Until November 2012, Headnet relied on “old-school” monitoring tools, such as open-source infrastructure monitoring, to ensure the machines its applications ran on were up to the task. When a problem arose, sometimes they could add more RAM or replace a disk to fix the issue, but more often than not, it was an application issue. In many cases, Headnet engineers were left digging through application logs for days before identifying a resolution.
After installing TraceView, not only did the Headnet team find problems they couldn’t see before, but their resolution time dropped dramatically. “I showed TraceView to one of my colleagues, and he was like ‘Wow.’ It took literally minutes to see issues you could improve with it,” said Anton Stonor, Web Technology Lead at Headnet.
One of the first issues identified by Stonor and his team was a sporadic spike in latency. According to the infrastructure monitoring, there was no problem, and even the application itself seemed to be responding quickly. Looking at the slow requests directly revealed that Apache would occasionally think the backend was down, and those requests would stall in Apache until it re-established the connection. Stonor changed the Apache configuration to eliminate those slow reconnections, resulting in a much more consistent user experience.
In another Drupal application, customers complained about a particular page taking many seconds to load–but only occasionally. Without a reproducible test case, Stonor’s team struggled to find a fix, as the problem could not be recreated in their environments. With TraceView, they immediately saw that the page in question was synchronously running a maintenance job before rendering the HTML. Moving the job into the background cut the time to consistently less than one second.
Throughout their projects, Stonor’s team found more subtle issues into which they previously had no visibility. In their SQL DBs, not only were there slow queries, but “there would be either way too many queries or [queries] would be fetching too-large data sets. In TraceView, you could see exactly the amount of queries and which one of them was taking a long time, and what code is to blame,” said Stonor.

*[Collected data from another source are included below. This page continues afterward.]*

lemma integral_eq_sum_cylinders:
  fixes \<nu> :: "(nat \<Rightarrow> nat) measure" and g :: "(nat \<Rightarrow> nat) \<Rightarrow> real"
  assumes sets: "sets \<nu> = sets (restrict_space borel S)" and fin: "finite_measure \<nu>"
    and dep: "\<And>x y. x \<in> S \<Longrightarrow> y \<in> S \<Longrightarrow> (\<And>j. j < n \<Longrightarrow> x j = y j) \<Longrightarrow> g x = g y"
  shows "(\<integral>x. g x \<partial>\<nu>) = (\<Sum>w\<in>words n. g (pad n w) * measure \<nu> (cyl S n (pad n w)))"
proof -
  have sp: "space \<nu> = S" using sets_eq_imp_space_eq[OF sets] by (simp add: space_restrict_space)
  have eq: "g x = (\<Sum>w\<in>words n. g (pad n w) * indicator (cyl S n (pad n w)) x)" if x: "x \<in> S" for x
  proof -
    have "(\<Sum>w\<in>words n. g (pad n w) * indicator (cyl S n (pad n w)) x)
        = (\<Sum>w\<in>words n. if w = restrict x {..<n} then g (pad n w) else 0)"
      using x by (intro sum.cong) (auto simp: mem_cyl_pad_iff indicator_def)
    also have "\<dots> = g (pad n (restrict x {..<n}))"
      using restrict_in_words[OF x, of n] finite_words[of n] by (simp add: sum.delta'[where S="words n"])
    also have "\<dots> = g x"
      using x restrict_in_words[OF x] pad_in_S by (intro dep) (auto simp: pad_def)
    finally show ?thesis by simp
  qed
  have "(\<integral>x. g x \<partial>\<nu>) = (\<integral>x. (\<Sum>w\<in>words n. g (pad n w) * indicator (cyl S n (pad n w)) x) \<partial>\<nu>)"
    by (rule Bochner_Integration.integral_cong[OF refl]) (auto simp: sp eq)
  also have "\<dots> = (\<Sum>w\<in>words n. (\<integral>x. g (pad n w) * indicator (cyl S n (pad n w)) x \<partial>\<nu>))"
  proof (rule Bochner_Integration.integral_sum)
    fix w
    have "cyl S n (pad n w) \<in> sets \<nu>" using cyl_in_sets sets by simp
    then show "integrable \<nu> (\<lambda>x. g (pad n w) * indicator (cyl S n (pad n w)) x)"
      using fin by (intro integrable_mult_right integrable_real_indicator)
        (auto simp: finite_measure.emeasure_finite less_top[symmetric])
  qed
  also have "\<dots> = (\<Sum>w\<in>words n. g (pad n w) * measure \<nu> (cyl S n (pad n w)))"
    by (intro sum.cong refl) (simp add: sp cyl_def Int_absorb2)
  finally show ?thesis .
qed

lemma sum_pad_rectangle:
  assumes J: "J \<subseteq> {..<n}"
  shows "(\<Sum>w\<in>words n. indicator (S \<inter> {x. \<forall>j\<in>J. x j \<in> F j}) (pad n w) * cyl_weight n (pad n w))
       = (\<Prod>j\<in>J. measure letter_pmf (F j))"
proof -
  define A' where "A' i = (if i \<in> J then A \<inter> F i else A)" for i
  define W' where "W' = PiE {..<n} A'"
  have "(\<Sum>w\<in>words n. indicator (S \<inter> {x. \<forall>j\<in>J. x j \<in> F j}) (pad n w) * cyl_weight n (pad n w))
      = (\<Sum>w\<in>words n. if w \<in> W' then (\<Prod>i<n. weight (w i)) else 0)"
  proof (intro sum.cong refl)
    fix w assume w: "w \<in> words n"
    have "pad n w \<in> {x. \<forall>j\<in>J. x j \<in> F j} \<longleftrightarrow> w \<in> W'"
      using w J unfolding W'_def A'_def words_def PiE_iff pad_def by auto
    then show "indicator (S \<inter> {x. \<forall>j\<in>J. x j \<in> F j}) (pad n w) * cyl_weight n (pad n w)
      = (if w \<in> W' then (\<Prod>i<n. weight (w i)) else 0)"
      using pad_in_S[OF w] by (simp add: cyl_weight_pad indicator_def)
  qed
  also have "\<dots> = (\<Sum>w\<in>words n \<inter> W'. (\<Prod>i<n. weight (w i)))"
    by (rule sum.inter_restrict[OF finite_words, symmetric])
  also have "words n \<inter> W' = W'"
    unfolding words_def W'_def A'_def by (intro Int_absorb1 PiE_mono) auto
  also have "(\<Sum>w\<in>W'. (\<Prod>i<n. weight (w i))) = (\<Prod>i<n. \<Sum>a\<in>A' i. weight a)"
    unfolding W'_def using finite_alphabet by (subst prod_sum_PiE) (auto simp: A'_def)
  also have "\<dots> = (\<Prod>i\<in>{..<n} - J. \<Sum>a\<in>A' i. weight a) * (\<Prod>i\<in>J. \<Sum>a\<in>A' i. weight a)"
    using J by (intro prod.subset_diff) auto
  also have "(\<Prod>i\<in>{..<n} - J. \<Sum>a\<in>A' i. weight a) = 1"
    by (intro prod.neutral) (auto simp: A'_def sum_weight)
  also have "(\<Prod>i\<in>J. \<Sum>a\<in>A' i. weight a) = (\<Prod>j\<in>J. measure letter_pmf (F j))"
    by (intro prod.cong refl) (auto simp: A'_def measure_letter_pmf Int_commute)
  finally show ?thesis by simp
qed

lemma measurable_ident_S:
  assumes "sets \<nu> = sets (restrict_space borel S)"
  shows "(\<lambda>x. x) \<in> measurable \<nu> product_measure"
proof -
  have "(\<lambda>x. x) \<in> measurable (restrict_space borel S) borel"
    by (intro measurable_restrict_space1) simp
  then show ?thesis by (simp add: measurable_cong_sets[OF assms sets_product_measure])
qed

lemma distr_product_of_cylinders:
  fixes \<mu> :: "(nat \<Rightarrow> nat) measure"
  assumes sets: "sets \<mu> = sets (restrict_space borel S)" and pr: "prob_space \<mu>"
    and cv: "\<And>z n. z \<in> S \<Longrightarrow> n \<ge> 1 \<Longrightarrow> measure \<mu> (cyl S n z) = cyl_weight n z"
  shows "distr \<mu> product_measure (\<lambda>x. x) = product_measure"
  unfolding product_measure_def
proof (rule P.PiM_eq)
  fix J :: "nat set" and F :: "nat \<Rightarrow> nat set"
  assume J: "finite J"
  define R where "R = S \<inter> {x. \<forall>j\<in>J. x j \<in> F j}"
  have sp: "space \<mu> = S" using sets_eq_imp_space_eq[OF sets] by (simp add: space_restrict_space)
  have id: "(\<lambda>x. x) \<in> measurable \<mu> product_measure" by (rule measurable_ident_S[OF sets])
  define n where "n = Suc (Max (insert 0 J))"
  have Jn: "J \<subseteq> {..<n}" using J by (auto simp: n_def le_imp_less_Suc)
  have "emeasure (distr \<mu> product_measure (\<lambda>x. x)) {x. \<forall>j\<in>J. x j \<in> F j} = emeasure \<mu> R"
    using id rectangle_in_borel[OF J] by (subst emeasure_distr) (auto simp: sp R_def Int_commute sets_product_measure)
  also have "\<dots> = ennreal (\<integral>x. indicator R x \<partial>\<mu>)"
    using prob_space.finite_measure[OF pr] by (simp add: finite_measure.emeasure_eq_measure sp R_def Int_absorb2)
  also have "(\<integral>x. indicator R x \<partial>\<mu>) = (\<Sum>w\<in>words n. indicator R (pad n w) * measure \<mu> (cyl S n (pad n w)))"
    using Jn by (intro integral_eq_sum_cylinders[OF sets prob_space.finite_measure[OF pr]])
      (auto simp: R_def indicator_def subset_iff)
  also have "\<dots> = (\<Sum>w\<in>words n. indicator R (pad n w) * cyl_weight n (pad n w))"
    using cv pad_in_S by (intro sum.cong refl) (auto simp: n_def)
  also have "\<dots> = (\<Prod>j\<in>J. measure letter_pmf (F j))" unfolding R_def by (rule sum_pad_rectangle[OF Jn])
  finally show "emeasure (distr \<mu> (Pi\<^sub>M UNIV (\<lambda>_. measure_pmf letter_pmf)) (\<lambda>x. x))
       (prod_emb UNIV (\<lambda>_. measure_pmf letter_pmf) J (Pi\<^sub>E J F)) = (\<Prod>j\<in>J. emeasure (measure_pmf letter_pmf) (F j))"
    unfolding prod_emb_eq_rectangle product_measure_def[symmetric]
    by (simp add: measure_pmf.emeasure_eq_measure prod_ennreal)
qed simp

lemma eq_bernoulli_of_cylinders:
  fixes \<mu> :: "(nat \<Rightarrow> nat) measure"
  assumes sets: "sets \<mu> = sets (restrict_space borel S)" and pr: "prob_space \<mu>"
    and cv: "\<And>z n. z \<in> S \<Longrightarrow> n \<ge> 1 \<Longrightarrow> measure \<mu> (cyl S n z) = cyl_weight n z"
  shows "\<mu> = bernoulli"
proof (rule measure_eqI)
  show "sets \<mu> = sets bernoulli" using sets sets_bernoulli by simp
  fix D assume "D \<in> sets \<mu>"
  then have D: "D \<subseteq> S" "D \<in> sets product_measure" using sets sets_restrict_S_iff by auto
  have "emeasure \<nu> D = emeasure product_measure D"
    if s: "sets \<nu> = sets (restrict_space borel S)" and p: "prob_space \<nu>"
      and c: "\<And>z n. z \<in> S \<Longrightarrow> n \<ge> 1 \<Longrightarrow> measure \<nu> (cyl S n z) = cyl_weight n z" for \<nu>
  proof -
    have sp: "space \<nu> = S" using sets_eq_imp_space_eq[OF s] by (simp add: space_restrict_space)
    have id: "(\<lambda>x. x) \<in> measurable \<nu> product_measure" by (rule measurable_ident_S[OF s])
    have "emeasure \<nu> D = emeasure (distr \<nu> product_measure (\<lambda>x. x)) D"
      using id D by (subst emeasure_distr) (auto simp: sp Int_absorb2)
    then show ?thesis using distr_product_of_cylinders[OF s p c] by simp
  qed
  from this[OF sets pr cv] this[OF sets_bernoulli prob_space_bernoulli measure_bernoulli_cyl]
  show "emeasure \<mu> D = emeasure bernoulli D" by simp
qed

section \<open>Uniqueness of the Bernoulli Gibbs measure\<close>

lemma integral_le_of_cylinder_bound:
  fixes \<mu> :: "(nat \<Rightarrow> nat) measure" and g :: "(nat \<Rightarrow> nat) \<Rightarrow> real"
  assumes sets: "sets \<mu> = sets (restrict_space borel S)" and pr: "prob_space \<mu>"
    and bound: "\<And>z n. z \<in> S \<Longrightarrow> n \<ge> 1 \<Longrightarrow> measure \<mu> (cyl S n z) \<le> C * cyl_weight n z"
    and n: "n \<ge> 1"
    and dep: "\<And>x y. x \<in> S \<Longrightarrow> y \<in> S \<Longrightarrow> (\<And>j. j < n \<Longrightarrow> x j = y j) \<Longrightarrow> g x = g y"
    and nonneg: "\<And>x. x \<in> S \<Longrightarrow> g x \<ge> 0"
  shows "(\<integral>x. g x \<partial>\<mu>) \<le> C * (\<integral>x. g x \<partial>bernoulli)"
proof -
  have "(\<integral>x. g x \<partial>\<mu>) = (\<Sum>w\<in>words n. g (pad n w) * measure \<mu> (cyl S n (pad n w)))"
    by (rule integral_eq_sum_cylinders[OF sets prob_space.finite_measure[OF pr] dep])
  also have "\<dots> \<le> (\<Sum>w\<in>words n. g (pad n w) * (C * measure bernoulli (cyl S n (pad n w))))"
    using bound n nonneg pad_in_S by (intro sum_mono mult_left_mono) (auto simp: measure_bernoulli_cyl)
  also have "\<dots> = C * (\<Sum>w\<in>words n. g (pad n w) * measure bernoulli (cyl S n (pad n w)))"
    by (simp add: sum_distrib_left algebra_simps)
  also have "(\<Sum>w\<in>words n. g (pad n w) * measure bernoulli (cyl S n (pad n w))) = (\<integral>x. g x \<partial>bernoulli)"
    by (rule integral_eq_sum_cylinders[OF sets_bernoulli prob_space.finite_measure[OF prob_space_bernoulli] dep, symmetric])
  finally show ?thesis .
qed
(* Let $1\le n\le m$ be integers and let $U=(U_{j,k})_{j,k=1}^m$ be an $m\times m$ unitary matrix. Let $U^{n\times n}=(U_{j,k})_{j,k=1}^n$ denote its upper-left $n\times n$ submatrix. Then $$\left(\frac{2}{\pi}\right)^m \int_{\mathbb{C}^m} e^{-2|\vec\alpha|^2}\prod_{j=1}^n\left(4\left|\sum_{k=1}^m \alpha_k U_{k,j}\right|^2-1\right)\prod_{j=1}^n\left(|\alpha_j|^2-\frac12\right)\,d^2\vec\alpha \;=\;\left|\mathrm{perm}\big(U^{n\times n}\big)\right|^2 .$$ (In particular, since computing permanents is $\#\mathbf{P}$-hard in the worst case, exactly evaluating integrals of this form is $\#\mathbf{P}$-hard in the worst case.)
   Context: Here $\vec\alpha=(\alpha_1,\dots,\alpha_m)\in\mathbb{C}^m$, $|\vec\alpha|^2=\sum_{k=1}^m|\alpha_k|^2$, and $d^2\vec\alpha=d^2\alpha_1\cdots d^2\alpha_m$ where $d^2\alpha=d(\mathrm{Re}\,\alpha)\,d(\mathrm{Im}\,\alpha)$ is Lebesgue measure on $\mathbb{C}\cong\mathbb{R}^2$. The permanent of an $n\times n$ matrix $A$ is $\mathrm{perm}(A)=\sum_{\sigma\in S_n}\prod_{j=1}^n A_{j,\sigma(j)}$. *)

theory Defs
  imports "HOL-Analysis.Analysis"
begin

definition unitary_mat :: "nat \<Rightarrow> (nat \<Rightarrow> nat \<Rightarrow> complex) \<Rightarrow> bool" where
  "unitary_mat m U \<longleftrightarrow>
     (\<forall>j\<in>{1..m}. \<forall>l\<in>{1..m}. (\<Sum>k=1..m. U j k * cnj (U l k)) = (if j = l then 1 else 0)) \<and>
     (\<forall>j\<in>{1..m}. \<forall>l\<in>{1..m}. (\<Sum>k=1..m. cnj (U k j) * U k l) = (if j = l then 1 else 0))"

definition perm_sub :: "nat \<Rightarrow> (nat \<Rightarrow> nat \<Rightarrow> complex) \<Rightarrow> complex" where
  "perm_sub n A = (\<Sum>\<sigma> \<in> {\<sigma>. \<sigma> permutes {1..n}}. \<Prod>j=1..n. A j (\<sigma> j))"

end

theory Submission
  imports Defs "HOL-Probability.Distributions"
begin

text \<open>
  Expanding the products turns the integrand into a linear combination of products, over the
  coordinates, of Gaussian moments. For the weight \<open>(2/\<pi>) exp (-2 |z|\<^sup>2)\<close> the moment of
  \<open>z\<^sup>a (cnj z)\<^sup>b\<close> is \<open>a! / 2\<^sup>a\<close> if \<open>a = b\<close> and \<open>0\<close> otherwise, so the factor
  \<open>|\<alpha>\<^sub>j|\<^sup>2 - 1/2\<close> kills every term in which \<open>\<alpha>\<^sub>j\<close>, \<open>j \<le> n\<close>, is not chosen
  equally often, and at least once, from the column sums \<open>\<Sum>\<^sub>k \<alpha>\<^sub>k U\<^sub>k\<^sub>j\<close> and from their
  conjugates. Counting shows that the surviving terms are indexed by pairs of permutations of
  \<open>{1..n}\<close>; each contributes \<open>4\<^sup>-\<^sup>n\<close>, cancelling the \<open>4\<^sup>n\<close> of the expansion, and
  together they sum to \<open>perm \<cdot> cnj perm\<close>.
\<close>

section \<open>Moments of the complex Gaussian weight\<close>

definition gauss_moment :: "nat \<Rightarrow> real" where
  "gauss_moment p = (if even p then fact p / (8 ^ (p div 2) * fact (p div 2)) else 0)"

lemma has_bochner_integral_gauss_moment:
  "has_bochner_integral lborel (\<lambda>x. normal_density 0 (1/2) x * x ^ p) (gauss_moment p)"
proof (cases "even p")
  case True
  then obtain k where "p = 2 * k" by (elim evenE)
  with normal_moment_even[of "1/2" 0 k] show ?thesis
    by (simp add: gauss_moment_def power2_eq_square)
next
  case False
  then obtain k where "p = 2 * k + 1" by (elim oddE)
  with normal_moment_odd[of "1/2" 0 k] show ?thesis
    by (simp add: gauss_moment_def)
qed

definition gauss_weight :: "complex \<Rightarrow> real" where
  "gauss_weight z = 2 / pi * exp (- 2 * (cmod z)\<^sup>2)"

lemma borel_measurable_gauss_weight[measurable]: "gauss_weight \<in> borel_measurable borel"
  unfolding gauss_weight_def by measurable

lemma gauss_weight_Complex:
  "gauss_weight (Complex x y) = normal_density 0 (1/2) x * normal_density 0 (1/2) y"
proof -
  have "sqrt (2 * pi * (1/2)\<^sup>2) * sqrt (2 * pi * (1/2)\<^sup>2) = pi / 2"
    by (simp add: power2_eq_square)
  then show ?thesis
    by (simp add: gauss_weight_def normal_density_def cmod_def exp_add[symmetric] power2_eq_square
        field_simps)
qed

lemma has_bochner_integral_gauss_weight_Re_Im:
  "has_bochner_integral lborel (\<lambda>z. gauss_weight z * Re z ^ p * Im z ^ q)
     (gauss_moment p * gauss_moment q)"
proof -
  interpret product_sigma_finite "\<lambda>_::complex. lborel :: real measure"
    by unfold_locales
  define f where "f b t = normal_density 0 (1/2) t * t ^ (if b = 1 then p else q)" for b :: complex and t
  have f_int: "integrable lborel (f b)" for b
    unfolding f_def by (rule integrable.intros[OF has_bochner_integral_gauss_moment])
  have "has_bochner_integral (\<Pi>\<^sub>M b\<in>Basis. lborel) (\<lambda>x. \<Prod>b\<in>Basis. f b (x b))
      (\<Prod>b\<in>Basis. integral\<^sup>L lborel (f b))"
    by (simp add: has_bochner_integral_iff product_integrable_prod product_integral_prod f_int)
  moreover have "(\<Prod>b\<in>Basis. integral\<^sup>L lborel (f b)) = gauss_moment p * gauss_moment q"
    using has_bochner_integral_integral_eq[OF has_bochner_integral_gauss_moment]
    by (simp add: Basis_complex_def f_def[abs_def])
  moreover have "(\<Prod>b\<in>Basis. f b (x b)) =
      (\<lambda>z. gauss_weight z * Re z ^ p * Im z ^ q) (\<Sum>b\<in>Basis. x b *\<^sub>R b)" for x :: "complex \<Rightarrow> real"
  proof -
    have "(\<Sum>b\<in>Basis. x b *\<^sub>R b) = Complex (x 1) (x \<i>)"
      by (simp add: Basis_complex_def complex_eq_iff)
    then show ?thesis
      by (simp add: Basis_complex_def f_def gauss_weight_Complex)
  qed
  ultimately have "has_bochner_integral (\<Pi>\<^sub>M b\<in>Basis. lborel)
      (\<lambda>x. (\<lambda>z. gauss_weight z * Re z ^ p * Im z ^ q) (\<Sum>b\<in>Basis. x b *\<^sub>R b))
      (gauss_moment p * gauss_moment q)"
    by simp
  then show ?thesis
    by (subst lborel_eq) (rule has_bochner_integral_distr; measurable)
qed
lemma prime_CHAR_finite_field: "prime CHAR('a::{field,finite})"
  by (rule prime_CHAR_semidom) (simp add: finite_imp_CHAR_pos)

lemma CHAR_finite_field_eq:
  assumes "CARD('a::{field,finite}) = p ^ n" and "prime p"
  shows "CHAR('a) = p"
proof -
  have "CHAR('a) dvd p ^ n"
    using CHAR_dvd_CARD assms(1) by metis
  then have "CHAR('a) dvd p"
    using prime_CHAR_finite_field prime_dvd_power by blast
  then show ?thesis
    using prime_CHAR_finite_field assms(2) primes_dvd_imp_eq by blast
qed

section \<open>The unit circle\<close>

lemma unit_circle_nonzero: "x \<in> unit_circle q \<Longrightarrow> x \<noteq> 0"
  by (auto simp: unit_circle_def)

lemma unit_circle_power_eq_inverse: "x \<in> unit_circle q \<Longrightarrow> x ^ q = inverse x"
  by (simp add: unit_circle_def inverse_unique)

lemma card_unit_circle:
  assumes "CARD('a::{field,finite}) = q ^ 2"
  shows "card (unit_circle q :: 'a set) = q + 1"
proof -
  have "CARD('a) - 1 = (q + 1) * (q - 1)"
    using assms by (cases q) (simp_all add: power2_eq_square)
  then have "q + 1 dvd CARD('a) - 1"
    by (simp only: dvd_triv_left)
  then show ?thesis
    unfolding unit_circle_def by (rule card_roots_of_unity_finite_field)
qed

TraceView also illuminated the impact of slow external calls. In one case, an API call to a reverse DNS lookup service was to blame, and Stonor’s team identified the problem in production immediately. “Something that may have taken days, weeks or months to find, we were able to find in just a matter of a few minutes,” said Stonor.
Across Headnet’s projects, TraceView significantly improved the MTTR (Mean-Time-to-Resolution), not to mention the MTTPC (Mean-Time-to-Pretty-Chart). In the first two months with TraceView, Headnet dramatically reduced the average and worst-case load times on a number of sites, improving customer satisfaction and decreasing support incidents – all without taking significant time away from new development.